■ **EXERCISE**
Look in the material below for the line holding "1)) 0 = cnj". Set it down exactly, with each later line up to and including the line holding "add: \<delta>_def del: zero_less_norm_iff)".

--*--

lemma
  assumes "degree h \<noteq> 0"
  shows top_coeff_reflected_divided_diff_poly_nonzero:
      "coeff (reflected_divided_diff_poly h) (degree h - 1) \<noteq> 0"
    and degree_reflected_divided_diff_poly: "degree (reflected_divided_diff_poly h) = degree h - 1"
    and degree_eval_reflected_divided_diff_poly:
      "poly (coeff (reflected_divided_diff_poly h) (degree h - 1)) w \<noteq> 0 \<Longrightarrow>
         degree (eval_coeffs w (reflected_divided_diff_poly h)) = degree h - 1"
proof -
  have "lead_coeff h \<noteq> 0" using assms by auto
  moreover have "poly (coeff (reflected_divided_diff_poly h) (degree h - 1)) 0 = cnj (lead_coeff h)"
    using poly_top_coeff_reflected_divided_diff_poly[OF assms, of 0] by (simp add: sum.neutral)
  ultimately have "poly (coeff (reflected_divided_diff_poly h) (degree h - 1)) 0 \<noteq> 0" by simp
  then show top: "coeff (reflected_divided_diff_poly h) (degree h - 1) \<noteq> 0" by auto
  have high: "coeff (reflected_divided_diff_poly h) i = 0" if "i > degree h - 1" for i
    using that by (simp add: coeff_reflected_divided_diff_poly)
  show "degree (reflected_divided_diff_poly h) = degree h - 1"
    using top high by (rule degree_eqI)
  show "degree (eval_coeffs w (reflected_divided_diff_poly h)) = degree h - 1"
    if "poly (coeff (reflected_divided_diff_poly h) (degree h - 1)) w \<noteq> 0"
    using that high by (intro degree_eqI) (auto simp: coeff_map_poly)
qed

lemma top_coeff_reflected_divided_diff_poly_near_0:
  fixes h :: "complex poly"
  assumes "degree h \<noteq> 0"
  obtains \<delta> where "\<delta> > 0" and "\<delta> \<le> 1"
    and "\<And>w. norm w \<le> \<delta> \<Longrightarrow>
           norm (lead_coeff h) / 2 \<le> norm (poly (coeff (reflected_divided_diff_poly h) (degree h - 1)) w)"
proof
  let ?n = "degree h"
  define A where "A = (\<Sum>k\<le>?n. norm (coeff h k))"
  define \<delta> where "\<delta> = min 1 (norm (lead_coeff h) / (2 * A))"
  have lead_pos: "norm (lead_coeff h) > 0" using assms by auto
  moreover have "norm (lead_coeff h) \<le> A" unfolding A_def by (rule member_le_sum) auto
  ultimately have "A > 0" by linarith
  then show "\<delta> > 0" using lead_pos by (simp add: \<delta>_def del: zero_less_norm_iff)
  show "\<delta> \<le> 1" by (simp add: \<delta>_def)
  have "A * \<delta> \<le> norm (lead_coeff h) / 2"
    using \<open>A > 0\<close> by (auto simp: \<delta>_def min_def field_simps)
  fix w :: complex assume w: "norm w \<le> \<delta>"
  then have "norm w \<le> 1" by (simp add: \<delta>_def)
  let ?t = "poly (coeff (reflected_divided_diff_poly h) (?n - 1)) w"
  have "norm (\<Sum>k\<le>?n. if 0 < k \<and> k < ?n then cnj (coeff h k) * w ^ (?n - k) else 0)
      \<le> (\<Sum>k\<le>?n. norm (cnj (coeff h k))) * norm w ^ 1"
    using \<open>norm w \<le> 1\<close> by (intro norm_sum_if_le power_decreasing) auto
  then have "norm (?t - cnj (lead_coeff h)) \<le> A * norm w"
    unfolding poly_top_coeff_reflected_divided_diff_poly[OF assms] A_def by simp
  also have "\<dots> \<le> A * \<delta>" using w \<open>A > 0\<close> by simp
  finally show "norm (lead_coeff h) / 2 \<le> norm ?t"
    using \<open>A * \<delta> \<le> _\<close> norm_triangle_ineq2[of "cnj (lead_coeff h)" ?t] by (simp add: norm_minus_commute)
qed

lemma roots_reflected_divided_diff_linearly_bounded:
  fixes h :: "complex poly"
  assumes "degree h \<noteq> 0"
  obtains \<delta> K where "\<delta> > 0" and "K \<ge> 0"
    and "\<And>z w. norm w \<le> \<delta> \<Longrightarrow> poly (eval_coeffs w (reflected_divided_diff_poly h)) z = 0 \<Longrightarrow>
           norm z \<le> K * norm w"
proof -
  let ?G = "reflected_divided_diff_poly h" and ?n = "degree h"
  define A where "A = (\<Sum>k\<le>?n. norm (coeff h k))"
  define a where "a = norm (lead_coeff h) / 2"
  obtain \<delta> where "\<delta> > 0" "\<delta> \<le> 1" and top: "\<And>w. norm w \<le> \<delta> \<Longrightarrow> a \<le> norm (poly (coeff ?G (?n - 1)) w)"
    using top_coeff_reflected_divided_diff_poly_near_0[OF assms] unfolding a_def by blast
  have "a > 0" using assms by (auto simp: a_def)
  have "norm z \<le> 2 * (max 1 (A / a) * norm w)"
    if w: "norm w \<le> \<delta>" and z: "poly (eval_coeffs w ?G) z = 0" for z w
  proof (rule norm_root_le_linear_if_coeffs_bounded[OF _ _ \<open>a > 0\<close> _ _ _ z])
    show "a \<le> norm (coeff (eval_coeffs w ?G) (?n - 1))"
      using top[OF w] by (simp add: coeff_map_poly)
    then show "coeff (eval_coeffs w ?G) (?n - 1) \<noteq> 0" using \<open>a > 0\<close> by auto
    show "coeff (eval_coeffs w ?G) i = 0" if "i > ?n - 1" for i
      using that by (simp add: coeff_map_poly coeff_reflected_divided_diff_poly)
    show "norm (coeff (eval_coeffs w ?G) i) \<le> A * norm w ^ (?n - 1 - i)" if "i < ?n - 1" for i
    proof -
      have "norm (\<Sum>k\<le>?n. if ?n - Suc i < k then cnj (coeff h k) * w ^ (?n - k + (?n - Suc i)) else 0)
          \<le> (\<Sum>k\<le>?n. norm (cnj (coeff h k))) * norm w ^ (?n - Suc i)"
        using w \<open>\<delta> \<le> 1\<close> by (intro norm_sum_if_le power_decreasing) auto
      moreover have "i < ?n" using that by simp
      ultimately show ?thesis
        by (simp add: coeff_map_poly poly_coeff_reflected_divided_diff_poly A_def)
    qed
  qed simp
  then show ?thesis
    using \<open>\<delta> > 0\<close> by (intro that[of \<delta> "2 * max 1 (A / a)"]) (auto simp: mult.assoc)
qed

lemma resultant_eq_0_if_common_root:
  fixes f g :: "'a::{field,factorial_ring_gcd,semiring_gcd_mult_normalize} poly"
  assumes "f \<noteq> 0" and "poly f z = 0" and "poly g z = 0"
  shows "resultant f g = 0"
proof -
  have "[:-z, 1:] dvd gcd f g" using assms(2,3) by (simp add: poly_eq_0_iff_dvd)
  moreover have "gcd f g \<noteq> 0" using assms(1) by simp
  ultimately have "degree [:-z, 1:] \<le> degree (gcd f g)" by (rule dvd_imp_degree_le)
  then show ?thesis by (simp add: resultant_0_gcd)
qed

--*--

■ **RESPONSE TO THE EXERCISE**
  moreover have "poly (coeff (reflected_divided_diff_poly h) (degree h - 1)) 0 = cnj (lead_coeff h)"
    using poly_top_coeff_reflected_divided_diff_poly[OF assms, of 0] by (simp add: sum.neutral)
  ultimately have "poly (coeff (reflected_divided_diff_poly h) (degree h - 1)) 0 \<noteq> 0" by simp
  then show top: "coeff (reflected_divided_diff_poly h) (degree h - 1) \<noteq> 0" by auto
  have high: "coeff (reflected_divided_diff_poly h) i = 0" if "i > degree h - 1" for i
    using that by (simp add: coeff_reflected_divided_diff_poly)
  show "degree (reflected_divided_diff_poly h) = degree h - 1"
    using top high by (rule degree_eqI)
  show "degree (eval_coeffs w (reflected_divided_diff_poly h)) = degree h - 1"
    if "poly (coeff (reflected_divided_diff_poly h) (degree h - 1)) w \<noteq> 0"
    using that high by (intro degree_eqI) (auto simp: coeff_map_poly)
qed

lemma top_coeff_reflected_divided_diff_poly_near_0:
  fixes h :: "complex poly"
  assumes "degree h \<noteq> 0"
  obtains \<delta> where "\<delta> > 0" and "\<delta> \<le> 1"
    and "\<And>w. norm w \<le> \<delta> \<Longrightarrow>
           norm (lead_coeff h) / 2 \<le> norm (poly (coeff (reflected_divided_diff_poly h) (degree h - 1)) w)"
proof
  let ?n = "degree h"
  define A where "A = (\<Sum>k\<le>?n. norm (coeff h k))"
  define \<delta> where "\<delta> = min 1 (norm (lead_coeff h) / (2 * A))"
  have lead_pos: "norm (lead_coeff h) > 0" using assms by auto
  moreover have "norm (lead_coeff h) \<le> A" unfolding A_def by (rule member_le_sum) auto
  ultimately have "A > 0" by linarith
  then show "\<delta> > 0" using lead_pos by (simp add: \<delta>_def del: zero_less_norm_iff)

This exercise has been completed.